■ **Saved entries**
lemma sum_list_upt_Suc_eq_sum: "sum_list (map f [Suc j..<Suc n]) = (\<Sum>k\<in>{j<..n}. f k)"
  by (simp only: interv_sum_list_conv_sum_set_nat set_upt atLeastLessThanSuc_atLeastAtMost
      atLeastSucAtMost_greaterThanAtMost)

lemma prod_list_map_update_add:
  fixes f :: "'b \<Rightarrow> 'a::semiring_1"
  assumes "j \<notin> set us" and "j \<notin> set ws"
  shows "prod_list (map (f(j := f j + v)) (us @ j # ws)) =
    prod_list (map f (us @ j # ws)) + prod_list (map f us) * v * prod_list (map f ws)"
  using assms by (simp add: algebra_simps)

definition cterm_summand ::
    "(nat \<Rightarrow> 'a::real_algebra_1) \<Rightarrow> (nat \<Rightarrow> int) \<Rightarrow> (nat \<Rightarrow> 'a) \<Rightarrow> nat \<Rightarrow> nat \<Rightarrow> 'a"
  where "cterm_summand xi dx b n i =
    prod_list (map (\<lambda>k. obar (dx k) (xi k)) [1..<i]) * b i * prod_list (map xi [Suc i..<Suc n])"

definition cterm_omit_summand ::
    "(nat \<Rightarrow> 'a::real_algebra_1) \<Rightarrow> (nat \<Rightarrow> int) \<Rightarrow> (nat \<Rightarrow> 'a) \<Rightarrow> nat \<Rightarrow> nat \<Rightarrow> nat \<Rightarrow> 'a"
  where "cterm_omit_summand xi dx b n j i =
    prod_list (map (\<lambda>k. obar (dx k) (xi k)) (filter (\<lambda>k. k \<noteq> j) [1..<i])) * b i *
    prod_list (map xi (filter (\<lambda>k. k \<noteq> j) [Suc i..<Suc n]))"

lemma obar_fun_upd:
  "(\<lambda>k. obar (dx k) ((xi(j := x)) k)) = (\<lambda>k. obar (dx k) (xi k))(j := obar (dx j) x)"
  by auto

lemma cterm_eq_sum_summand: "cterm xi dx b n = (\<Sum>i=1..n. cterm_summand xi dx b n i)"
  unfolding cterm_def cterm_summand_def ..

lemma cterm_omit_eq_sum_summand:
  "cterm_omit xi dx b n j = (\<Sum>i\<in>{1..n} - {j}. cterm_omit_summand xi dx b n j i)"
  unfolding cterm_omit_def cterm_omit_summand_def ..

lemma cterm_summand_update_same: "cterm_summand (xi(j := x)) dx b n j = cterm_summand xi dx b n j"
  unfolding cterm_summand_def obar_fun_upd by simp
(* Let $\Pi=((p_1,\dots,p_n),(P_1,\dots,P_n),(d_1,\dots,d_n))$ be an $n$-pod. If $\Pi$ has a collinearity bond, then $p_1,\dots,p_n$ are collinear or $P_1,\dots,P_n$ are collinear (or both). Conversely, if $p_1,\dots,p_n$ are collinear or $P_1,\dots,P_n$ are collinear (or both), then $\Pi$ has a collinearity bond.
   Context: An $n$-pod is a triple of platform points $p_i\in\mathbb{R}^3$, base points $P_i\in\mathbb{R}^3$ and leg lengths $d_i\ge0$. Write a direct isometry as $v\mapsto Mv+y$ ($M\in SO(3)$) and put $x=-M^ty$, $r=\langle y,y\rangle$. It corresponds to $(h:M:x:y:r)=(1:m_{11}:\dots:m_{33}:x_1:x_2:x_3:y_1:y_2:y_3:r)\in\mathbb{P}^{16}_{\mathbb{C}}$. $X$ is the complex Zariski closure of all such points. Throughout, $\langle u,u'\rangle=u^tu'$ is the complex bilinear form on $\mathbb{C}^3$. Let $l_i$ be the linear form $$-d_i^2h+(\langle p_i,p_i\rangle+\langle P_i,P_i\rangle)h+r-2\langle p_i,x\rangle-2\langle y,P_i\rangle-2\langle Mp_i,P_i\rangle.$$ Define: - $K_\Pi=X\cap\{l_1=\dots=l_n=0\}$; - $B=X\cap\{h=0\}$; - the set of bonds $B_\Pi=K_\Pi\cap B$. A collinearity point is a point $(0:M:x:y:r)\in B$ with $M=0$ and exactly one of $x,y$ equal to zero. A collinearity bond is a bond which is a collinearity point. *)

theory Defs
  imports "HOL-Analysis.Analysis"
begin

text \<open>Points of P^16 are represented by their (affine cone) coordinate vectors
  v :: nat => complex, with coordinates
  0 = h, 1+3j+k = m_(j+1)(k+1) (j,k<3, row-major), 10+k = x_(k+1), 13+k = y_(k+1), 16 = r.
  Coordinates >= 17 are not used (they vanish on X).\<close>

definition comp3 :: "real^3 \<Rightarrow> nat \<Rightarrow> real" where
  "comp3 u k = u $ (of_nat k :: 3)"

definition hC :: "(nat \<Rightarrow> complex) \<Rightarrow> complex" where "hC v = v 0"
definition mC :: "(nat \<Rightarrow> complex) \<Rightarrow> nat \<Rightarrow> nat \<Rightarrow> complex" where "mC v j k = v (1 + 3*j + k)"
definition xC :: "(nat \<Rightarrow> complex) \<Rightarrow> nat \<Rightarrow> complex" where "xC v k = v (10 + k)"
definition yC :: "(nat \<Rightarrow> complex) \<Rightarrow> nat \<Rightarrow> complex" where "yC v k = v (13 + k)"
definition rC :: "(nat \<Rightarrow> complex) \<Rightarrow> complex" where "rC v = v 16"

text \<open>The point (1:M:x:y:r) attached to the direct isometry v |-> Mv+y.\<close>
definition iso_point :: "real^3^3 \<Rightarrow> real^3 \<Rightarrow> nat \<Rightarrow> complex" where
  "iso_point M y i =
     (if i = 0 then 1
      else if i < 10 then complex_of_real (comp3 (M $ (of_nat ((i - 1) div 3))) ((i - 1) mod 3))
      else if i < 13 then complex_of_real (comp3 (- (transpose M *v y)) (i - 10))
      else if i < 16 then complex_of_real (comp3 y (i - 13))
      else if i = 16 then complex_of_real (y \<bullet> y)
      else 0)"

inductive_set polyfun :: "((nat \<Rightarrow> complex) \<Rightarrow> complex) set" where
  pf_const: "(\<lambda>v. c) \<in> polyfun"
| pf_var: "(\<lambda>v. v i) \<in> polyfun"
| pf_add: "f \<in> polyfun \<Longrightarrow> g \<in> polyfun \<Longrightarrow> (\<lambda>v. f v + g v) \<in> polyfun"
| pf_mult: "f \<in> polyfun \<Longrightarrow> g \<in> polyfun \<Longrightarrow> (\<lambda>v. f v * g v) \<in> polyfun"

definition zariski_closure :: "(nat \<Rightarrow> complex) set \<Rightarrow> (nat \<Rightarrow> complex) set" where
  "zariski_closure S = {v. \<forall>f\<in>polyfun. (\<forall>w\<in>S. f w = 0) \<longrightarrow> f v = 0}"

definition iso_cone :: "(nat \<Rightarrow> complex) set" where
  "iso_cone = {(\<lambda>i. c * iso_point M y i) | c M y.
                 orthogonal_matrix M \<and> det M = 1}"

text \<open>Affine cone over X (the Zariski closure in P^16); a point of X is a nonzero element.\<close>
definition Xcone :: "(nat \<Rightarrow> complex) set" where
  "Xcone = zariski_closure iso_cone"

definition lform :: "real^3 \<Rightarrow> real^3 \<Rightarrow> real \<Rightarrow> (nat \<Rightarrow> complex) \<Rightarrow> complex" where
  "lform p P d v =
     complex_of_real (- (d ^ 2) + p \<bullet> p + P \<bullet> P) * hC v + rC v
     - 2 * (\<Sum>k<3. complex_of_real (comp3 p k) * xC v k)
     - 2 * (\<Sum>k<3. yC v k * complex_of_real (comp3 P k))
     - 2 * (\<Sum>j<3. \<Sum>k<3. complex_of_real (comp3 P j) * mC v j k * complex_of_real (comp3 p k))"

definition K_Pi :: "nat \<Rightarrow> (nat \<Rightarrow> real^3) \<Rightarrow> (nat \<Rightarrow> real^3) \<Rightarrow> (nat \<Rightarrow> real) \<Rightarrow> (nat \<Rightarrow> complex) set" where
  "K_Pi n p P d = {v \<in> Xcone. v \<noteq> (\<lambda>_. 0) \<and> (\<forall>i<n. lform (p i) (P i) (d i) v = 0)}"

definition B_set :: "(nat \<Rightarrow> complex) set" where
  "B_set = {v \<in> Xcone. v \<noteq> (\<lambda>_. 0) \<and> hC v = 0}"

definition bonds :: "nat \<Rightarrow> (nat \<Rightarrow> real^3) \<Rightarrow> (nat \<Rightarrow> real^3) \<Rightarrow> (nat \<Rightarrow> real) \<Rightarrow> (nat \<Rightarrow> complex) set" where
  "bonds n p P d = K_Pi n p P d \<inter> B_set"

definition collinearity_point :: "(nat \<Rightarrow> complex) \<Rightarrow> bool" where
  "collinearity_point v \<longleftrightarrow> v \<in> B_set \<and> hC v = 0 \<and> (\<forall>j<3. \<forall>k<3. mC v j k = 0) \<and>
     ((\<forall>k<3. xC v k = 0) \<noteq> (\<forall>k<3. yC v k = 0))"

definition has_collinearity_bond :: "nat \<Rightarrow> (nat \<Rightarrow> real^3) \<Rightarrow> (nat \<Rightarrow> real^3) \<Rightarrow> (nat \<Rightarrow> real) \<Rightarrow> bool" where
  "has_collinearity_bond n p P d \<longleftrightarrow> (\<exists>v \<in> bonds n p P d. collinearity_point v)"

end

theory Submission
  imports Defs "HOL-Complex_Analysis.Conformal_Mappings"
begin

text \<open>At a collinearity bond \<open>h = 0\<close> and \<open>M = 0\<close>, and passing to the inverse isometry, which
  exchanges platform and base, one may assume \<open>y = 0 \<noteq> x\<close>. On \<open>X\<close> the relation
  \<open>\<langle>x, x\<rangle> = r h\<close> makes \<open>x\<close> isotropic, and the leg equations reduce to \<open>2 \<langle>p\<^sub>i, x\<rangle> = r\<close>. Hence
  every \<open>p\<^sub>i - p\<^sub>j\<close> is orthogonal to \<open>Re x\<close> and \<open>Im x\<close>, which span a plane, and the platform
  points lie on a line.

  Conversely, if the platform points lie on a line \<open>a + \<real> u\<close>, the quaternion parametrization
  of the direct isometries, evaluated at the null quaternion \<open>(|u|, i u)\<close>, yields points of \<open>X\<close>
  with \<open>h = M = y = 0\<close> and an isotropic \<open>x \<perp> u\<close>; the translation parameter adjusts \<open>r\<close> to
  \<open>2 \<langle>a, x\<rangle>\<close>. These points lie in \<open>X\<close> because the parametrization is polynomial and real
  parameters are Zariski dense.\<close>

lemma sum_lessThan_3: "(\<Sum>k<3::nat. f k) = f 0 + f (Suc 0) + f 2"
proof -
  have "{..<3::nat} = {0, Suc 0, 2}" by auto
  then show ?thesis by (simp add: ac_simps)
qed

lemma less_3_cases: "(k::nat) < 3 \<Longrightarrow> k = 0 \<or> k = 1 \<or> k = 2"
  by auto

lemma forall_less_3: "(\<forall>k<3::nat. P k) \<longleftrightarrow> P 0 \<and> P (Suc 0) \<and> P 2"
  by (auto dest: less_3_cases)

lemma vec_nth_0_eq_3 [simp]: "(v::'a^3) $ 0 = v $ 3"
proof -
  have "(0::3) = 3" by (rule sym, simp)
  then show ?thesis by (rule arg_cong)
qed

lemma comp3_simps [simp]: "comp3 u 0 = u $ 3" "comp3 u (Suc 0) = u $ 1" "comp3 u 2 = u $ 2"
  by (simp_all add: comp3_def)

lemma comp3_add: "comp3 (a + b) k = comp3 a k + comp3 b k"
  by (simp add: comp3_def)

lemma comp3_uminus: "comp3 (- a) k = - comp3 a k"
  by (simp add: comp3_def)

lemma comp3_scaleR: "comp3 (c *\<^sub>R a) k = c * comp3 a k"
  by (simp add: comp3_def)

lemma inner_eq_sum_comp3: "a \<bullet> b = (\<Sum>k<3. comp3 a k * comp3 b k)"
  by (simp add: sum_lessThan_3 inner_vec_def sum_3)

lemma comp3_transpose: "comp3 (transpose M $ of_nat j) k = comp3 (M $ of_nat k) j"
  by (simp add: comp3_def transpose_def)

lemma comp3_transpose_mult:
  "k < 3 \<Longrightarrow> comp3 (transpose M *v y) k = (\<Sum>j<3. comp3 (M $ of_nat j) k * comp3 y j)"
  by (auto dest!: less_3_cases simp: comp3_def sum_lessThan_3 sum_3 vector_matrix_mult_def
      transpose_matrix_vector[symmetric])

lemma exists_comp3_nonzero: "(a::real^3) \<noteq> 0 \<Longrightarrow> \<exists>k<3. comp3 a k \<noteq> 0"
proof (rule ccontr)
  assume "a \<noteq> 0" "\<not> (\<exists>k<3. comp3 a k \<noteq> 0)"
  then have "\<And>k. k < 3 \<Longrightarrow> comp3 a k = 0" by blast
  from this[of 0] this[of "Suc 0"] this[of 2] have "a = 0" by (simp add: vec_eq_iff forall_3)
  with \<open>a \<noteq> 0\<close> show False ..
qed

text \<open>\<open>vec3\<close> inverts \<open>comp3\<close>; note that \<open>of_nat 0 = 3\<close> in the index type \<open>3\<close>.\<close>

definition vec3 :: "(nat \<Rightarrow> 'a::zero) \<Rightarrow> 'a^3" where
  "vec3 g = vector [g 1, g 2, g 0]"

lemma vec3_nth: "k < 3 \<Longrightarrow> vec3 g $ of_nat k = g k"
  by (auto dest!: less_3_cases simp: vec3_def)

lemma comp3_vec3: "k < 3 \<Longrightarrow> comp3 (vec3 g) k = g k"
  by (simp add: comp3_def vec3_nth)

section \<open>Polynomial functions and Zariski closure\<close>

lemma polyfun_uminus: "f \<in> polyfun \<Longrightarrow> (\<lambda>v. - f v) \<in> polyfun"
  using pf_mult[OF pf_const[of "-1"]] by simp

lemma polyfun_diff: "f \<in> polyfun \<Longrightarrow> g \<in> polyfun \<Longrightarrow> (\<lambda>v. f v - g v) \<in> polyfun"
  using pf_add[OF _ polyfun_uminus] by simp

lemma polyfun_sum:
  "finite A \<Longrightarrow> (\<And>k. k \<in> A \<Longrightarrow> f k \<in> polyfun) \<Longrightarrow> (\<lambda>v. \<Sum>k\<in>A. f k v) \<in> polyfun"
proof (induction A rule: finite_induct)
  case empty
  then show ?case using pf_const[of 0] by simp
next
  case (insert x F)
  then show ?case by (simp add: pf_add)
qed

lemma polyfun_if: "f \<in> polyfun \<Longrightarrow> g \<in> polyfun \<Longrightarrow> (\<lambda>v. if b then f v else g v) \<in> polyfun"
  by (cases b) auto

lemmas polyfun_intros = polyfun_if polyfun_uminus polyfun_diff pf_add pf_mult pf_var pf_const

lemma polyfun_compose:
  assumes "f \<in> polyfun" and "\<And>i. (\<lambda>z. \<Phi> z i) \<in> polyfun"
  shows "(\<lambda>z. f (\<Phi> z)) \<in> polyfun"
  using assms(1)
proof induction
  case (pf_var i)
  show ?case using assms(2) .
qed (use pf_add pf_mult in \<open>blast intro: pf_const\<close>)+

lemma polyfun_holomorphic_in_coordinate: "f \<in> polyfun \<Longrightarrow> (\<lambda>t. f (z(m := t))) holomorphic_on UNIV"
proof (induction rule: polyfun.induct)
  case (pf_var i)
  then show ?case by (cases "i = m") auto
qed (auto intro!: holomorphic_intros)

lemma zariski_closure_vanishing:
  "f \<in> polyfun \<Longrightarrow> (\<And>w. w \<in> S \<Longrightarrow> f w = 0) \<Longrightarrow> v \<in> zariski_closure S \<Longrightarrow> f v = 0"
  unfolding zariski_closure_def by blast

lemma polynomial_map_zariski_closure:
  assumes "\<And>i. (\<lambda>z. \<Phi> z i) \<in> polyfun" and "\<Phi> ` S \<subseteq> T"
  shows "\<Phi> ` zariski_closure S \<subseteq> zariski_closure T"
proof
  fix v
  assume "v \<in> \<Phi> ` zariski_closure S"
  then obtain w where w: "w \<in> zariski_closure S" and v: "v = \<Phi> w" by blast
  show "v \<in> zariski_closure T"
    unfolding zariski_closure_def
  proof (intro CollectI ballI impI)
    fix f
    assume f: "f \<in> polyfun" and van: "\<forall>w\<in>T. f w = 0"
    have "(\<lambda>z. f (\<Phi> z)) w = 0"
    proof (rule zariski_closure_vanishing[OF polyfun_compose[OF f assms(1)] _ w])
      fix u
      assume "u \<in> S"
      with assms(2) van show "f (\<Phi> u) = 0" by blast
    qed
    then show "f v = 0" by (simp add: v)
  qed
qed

■ **PROBLEM**
From the entries above, extract only the lines running from the one containing "unfolding cterm_omit_def cterm_omit_summand_def" through the one containing "theory Defs", inclusive.

■ **EXERCISE ANSWER**
  unfolding cterm_omit_def cterm_omit_summand_def ..

lemma cterm_summand_update_same: "cterm_summand (xi(j := x)) dx b n j = cterm_summand xi dx b n j"
  unfolding cterm_summand_def obar_fun_upd by simp
(* Let $\Pi=((p_1,\dots,p_n),(P_1,\dots,P_n),(d_1,\dots,d_n))$ be an $n$-pod. If $\Pi$ has a collinearity bond, then $p_1,\dots,p_n$ are collinear or $P_1,\dots,P_n$ are collinear (or both). Conversely, if $p_1,\dots,p_n$ are collinear or $P_1,\dots,P_n$ are collinear (or both), then $\Pi$ has a collinearity bond.
   Context: An $n$-pod is a triple of platform points $p_i\in\mathbb{R}^3$, base points $P_i\in\mathbb{R}^3$ and leg lengths $d_i\ge0$. Write a direct isometry as $v\mapsto Mv+y$ ($M\in SO(3)$) and put $x=-M^ty$, $r=\langle y,y\rangle$. It corresponds to $(h:M:x:y:r)=(1:m_{11}:\dots:m_{33}:x_1:x_2:x_3:y_1:y_2:y_3:r)\in\mathbb{P}^{16}_{\mathbb{C}}$. $X$ is the complex Zariski closure of all such points. Throughout, $\langle u,u'\rangle=u^tu'$ is the complex bilinear form on $\mathbb{C}^3$. Let $l_i$ be the linear form $$-d_i^2h+(\langle p_i,p_i\rangle+\langle P_i,P_i\rangle)h+r-2\langle p_i,x\rangle-2\langle y,P_i\rangle-2\langle Mp_i,P_i\rangle.$$ Define: - $K_\Pi=X\cap\{l_1=\dots=l_n=0\}$; - $B=X\cap\{h=0\}$; - the set of bonds $B_\Pi=K_\Pi\cap B$. A collinearity point is a point $(0:M:x:y:r)\in B$ with $M=0$ and exactly one of $x,y$ equal to zero. A collinearity bond is a bond which is a collinearity point. *)

theory Defs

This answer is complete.